--- EXERCISE DESCRIPTION ---
Among the entries, find the lines with the string "SetPDs" and copy them.

--- RECORD EXTRACTS ---
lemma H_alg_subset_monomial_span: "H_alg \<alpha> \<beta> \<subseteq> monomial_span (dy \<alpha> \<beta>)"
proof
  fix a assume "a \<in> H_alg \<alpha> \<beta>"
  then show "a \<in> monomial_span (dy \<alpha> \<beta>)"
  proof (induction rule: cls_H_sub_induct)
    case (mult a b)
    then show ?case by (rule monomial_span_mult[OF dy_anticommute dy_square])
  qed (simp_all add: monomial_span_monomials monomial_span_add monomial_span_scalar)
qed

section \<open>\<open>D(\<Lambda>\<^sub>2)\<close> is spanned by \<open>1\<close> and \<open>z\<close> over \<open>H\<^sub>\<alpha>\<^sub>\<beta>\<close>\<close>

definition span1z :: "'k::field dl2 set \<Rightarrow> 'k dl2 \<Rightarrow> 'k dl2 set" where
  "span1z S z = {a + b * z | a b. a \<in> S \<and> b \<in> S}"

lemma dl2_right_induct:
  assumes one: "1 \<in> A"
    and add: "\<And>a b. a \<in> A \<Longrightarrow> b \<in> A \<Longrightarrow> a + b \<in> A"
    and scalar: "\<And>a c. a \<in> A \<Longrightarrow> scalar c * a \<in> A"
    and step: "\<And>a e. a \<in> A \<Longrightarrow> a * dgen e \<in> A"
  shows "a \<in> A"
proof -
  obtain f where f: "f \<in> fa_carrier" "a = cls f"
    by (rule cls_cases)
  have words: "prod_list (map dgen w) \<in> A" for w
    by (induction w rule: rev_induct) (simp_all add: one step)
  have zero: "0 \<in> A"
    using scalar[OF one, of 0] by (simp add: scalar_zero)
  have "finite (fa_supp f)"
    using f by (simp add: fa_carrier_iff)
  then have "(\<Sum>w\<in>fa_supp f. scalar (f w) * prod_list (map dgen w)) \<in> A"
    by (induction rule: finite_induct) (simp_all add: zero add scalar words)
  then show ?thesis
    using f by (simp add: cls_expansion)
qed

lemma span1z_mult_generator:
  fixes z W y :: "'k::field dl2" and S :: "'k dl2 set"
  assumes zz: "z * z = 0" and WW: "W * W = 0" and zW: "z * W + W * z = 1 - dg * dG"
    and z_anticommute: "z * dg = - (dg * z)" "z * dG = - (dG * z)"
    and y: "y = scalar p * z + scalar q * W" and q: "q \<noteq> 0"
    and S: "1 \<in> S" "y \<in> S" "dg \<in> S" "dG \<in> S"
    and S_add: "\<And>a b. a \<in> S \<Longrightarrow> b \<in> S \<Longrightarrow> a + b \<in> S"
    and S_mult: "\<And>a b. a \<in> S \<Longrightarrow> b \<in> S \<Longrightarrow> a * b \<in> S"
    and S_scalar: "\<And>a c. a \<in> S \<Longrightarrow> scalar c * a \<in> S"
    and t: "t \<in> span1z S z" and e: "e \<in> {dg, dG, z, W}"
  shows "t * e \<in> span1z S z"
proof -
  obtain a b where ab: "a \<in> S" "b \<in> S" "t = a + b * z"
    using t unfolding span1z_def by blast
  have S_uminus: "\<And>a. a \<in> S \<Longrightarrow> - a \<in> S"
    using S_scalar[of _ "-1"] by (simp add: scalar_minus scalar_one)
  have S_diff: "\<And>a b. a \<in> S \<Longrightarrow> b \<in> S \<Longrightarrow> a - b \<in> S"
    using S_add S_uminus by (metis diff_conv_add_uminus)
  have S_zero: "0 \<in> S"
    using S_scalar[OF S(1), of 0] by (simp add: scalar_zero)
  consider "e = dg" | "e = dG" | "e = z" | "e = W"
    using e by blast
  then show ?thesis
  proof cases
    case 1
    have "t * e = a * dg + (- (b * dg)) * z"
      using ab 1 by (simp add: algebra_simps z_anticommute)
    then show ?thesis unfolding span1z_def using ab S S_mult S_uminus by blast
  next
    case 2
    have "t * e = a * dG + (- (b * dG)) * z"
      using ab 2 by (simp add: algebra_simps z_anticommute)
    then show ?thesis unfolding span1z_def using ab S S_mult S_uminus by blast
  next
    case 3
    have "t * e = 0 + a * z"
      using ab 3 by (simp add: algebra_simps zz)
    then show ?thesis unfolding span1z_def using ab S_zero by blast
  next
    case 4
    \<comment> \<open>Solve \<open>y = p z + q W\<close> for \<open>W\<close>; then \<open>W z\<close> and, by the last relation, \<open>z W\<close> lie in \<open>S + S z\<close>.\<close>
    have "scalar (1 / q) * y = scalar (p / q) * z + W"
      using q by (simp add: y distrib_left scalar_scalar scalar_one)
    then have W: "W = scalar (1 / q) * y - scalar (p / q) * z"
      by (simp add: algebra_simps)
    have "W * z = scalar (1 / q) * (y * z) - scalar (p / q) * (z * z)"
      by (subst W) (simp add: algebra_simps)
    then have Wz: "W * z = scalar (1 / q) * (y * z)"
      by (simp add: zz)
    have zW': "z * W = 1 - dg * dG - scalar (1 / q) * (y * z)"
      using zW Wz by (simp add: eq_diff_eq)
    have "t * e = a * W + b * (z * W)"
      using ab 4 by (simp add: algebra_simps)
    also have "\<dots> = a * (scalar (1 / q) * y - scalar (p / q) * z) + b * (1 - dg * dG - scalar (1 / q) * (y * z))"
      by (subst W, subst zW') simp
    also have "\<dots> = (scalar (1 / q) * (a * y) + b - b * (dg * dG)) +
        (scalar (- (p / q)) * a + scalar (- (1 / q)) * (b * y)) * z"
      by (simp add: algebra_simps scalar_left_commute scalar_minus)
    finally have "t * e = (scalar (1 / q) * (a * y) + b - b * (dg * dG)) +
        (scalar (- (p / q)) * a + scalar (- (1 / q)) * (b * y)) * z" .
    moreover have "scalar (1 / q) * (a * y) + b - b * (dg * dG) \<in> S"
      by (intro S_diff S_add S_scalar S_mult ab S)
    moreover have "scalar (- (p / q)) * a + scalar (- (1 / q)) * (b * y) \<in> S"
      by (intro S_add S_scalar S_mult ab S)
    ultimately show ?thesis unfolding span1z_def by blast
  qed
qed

* * *

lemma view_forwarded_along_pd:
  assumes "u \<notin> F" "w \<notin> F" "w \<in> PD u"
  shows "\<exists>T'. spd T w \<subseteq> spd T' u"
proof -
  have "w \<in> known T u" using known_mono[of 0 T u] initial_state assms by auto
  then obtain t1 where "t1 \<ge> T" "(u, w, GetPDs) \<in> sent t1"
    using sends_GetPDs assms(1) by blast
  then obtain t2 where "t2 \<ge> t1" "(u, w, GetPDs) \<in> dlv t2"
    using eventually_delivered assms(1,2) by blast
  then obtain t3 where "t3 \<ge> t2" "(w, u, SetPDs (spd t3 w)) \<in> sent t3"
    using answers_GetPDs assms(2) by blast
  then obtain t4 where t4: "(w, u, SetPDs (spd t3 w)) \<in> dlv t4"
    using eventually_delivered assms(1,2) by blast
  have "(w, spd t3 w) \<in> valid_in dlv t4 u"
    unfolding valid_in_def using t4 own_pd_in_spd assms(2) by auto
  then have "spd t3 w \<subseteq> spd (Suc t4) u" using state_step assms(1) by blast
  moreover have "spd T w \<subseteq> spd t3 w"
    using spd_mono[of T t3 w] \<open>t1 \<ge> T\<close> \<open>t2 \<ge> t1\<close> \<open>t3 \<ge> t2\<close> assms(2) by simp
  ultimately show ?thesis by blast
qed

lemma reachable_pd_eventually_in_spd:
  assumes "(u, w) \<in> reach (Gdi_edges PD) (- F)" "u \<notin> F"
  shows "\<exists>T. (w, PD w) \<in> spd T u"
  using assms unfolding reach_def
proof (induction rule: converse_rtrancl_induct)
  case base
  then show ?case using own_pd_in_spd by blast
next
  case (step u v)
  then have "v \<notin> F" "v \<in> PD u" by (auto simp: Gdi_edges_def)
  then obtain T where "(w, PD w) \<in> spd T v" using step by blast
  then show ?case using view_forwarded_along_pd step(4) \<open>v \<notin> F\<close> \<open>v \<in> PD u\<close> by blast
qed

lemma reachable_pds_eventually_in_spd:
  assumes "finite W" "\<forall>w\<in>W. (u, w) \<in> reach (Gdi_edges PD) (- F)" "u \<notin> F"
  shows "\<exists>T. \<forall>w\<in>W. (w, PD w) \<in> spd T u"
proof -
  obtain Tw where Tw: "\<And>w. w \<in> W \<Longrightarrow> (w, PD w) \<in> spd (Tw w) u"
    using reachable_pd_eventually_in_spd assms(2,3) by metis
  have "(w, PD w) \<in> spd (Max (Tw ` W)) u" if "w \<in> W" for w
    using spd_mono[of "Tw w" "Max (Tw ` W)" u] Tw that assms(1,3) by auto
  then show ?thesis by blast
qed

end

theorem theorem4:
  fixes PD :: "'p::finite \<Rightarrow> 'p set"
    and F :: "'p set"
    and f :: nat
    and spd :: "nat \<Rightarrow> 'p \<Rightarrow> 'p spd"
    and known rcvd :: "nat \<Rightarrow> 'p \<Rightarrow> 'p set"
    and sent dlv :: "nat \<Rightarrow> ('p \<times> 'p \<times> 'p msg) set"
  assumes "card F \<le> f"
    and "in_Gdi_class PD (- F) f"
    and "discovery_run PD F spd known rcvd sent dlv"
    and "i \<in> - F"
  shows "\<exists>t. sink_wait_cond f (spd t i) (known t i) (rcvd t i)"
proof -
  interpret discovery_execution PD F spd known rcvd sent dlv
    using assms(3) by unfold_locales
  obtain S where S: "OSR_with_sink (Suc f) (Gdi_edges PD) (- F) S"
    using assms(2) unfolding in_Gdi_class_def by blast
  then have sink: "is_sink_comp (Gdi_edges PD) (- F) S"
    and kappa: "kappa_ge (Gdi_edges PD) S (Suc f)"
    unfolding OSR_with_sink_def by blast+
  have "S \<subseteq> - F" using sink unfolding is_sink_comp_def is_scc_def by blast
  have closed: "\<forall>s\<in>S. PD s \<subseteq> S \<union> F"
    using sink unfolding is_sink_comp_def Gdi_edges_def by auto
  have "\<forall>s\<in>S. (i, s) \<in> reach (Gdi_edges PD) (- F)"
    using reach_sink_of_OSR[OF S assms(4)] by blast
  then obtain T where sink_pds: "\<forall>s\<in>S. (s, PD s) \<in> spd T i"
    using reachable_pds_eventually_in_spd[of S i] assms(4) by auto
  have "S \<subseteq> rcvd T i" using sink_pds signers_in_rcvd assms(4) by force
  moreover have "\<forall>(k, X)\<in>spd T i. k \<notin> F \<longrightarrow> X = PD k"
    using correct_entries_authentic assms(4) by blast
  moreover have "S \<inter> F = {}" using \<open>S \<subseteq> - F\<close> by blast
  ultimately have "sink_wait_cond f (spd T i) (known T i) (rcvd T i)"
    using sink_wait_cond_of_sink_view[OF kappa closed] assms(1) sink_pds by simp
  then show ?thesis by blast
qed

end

--- RESPONSE ---
  then obtain t3 where "t3 \<ge> t2" "(w, u, SetPDs (spd t3 w)) \<in> sent t3"
  then obtain t4 where t4: "(w, u, SetPDs (spd t3 w)) \<in> dlv t4"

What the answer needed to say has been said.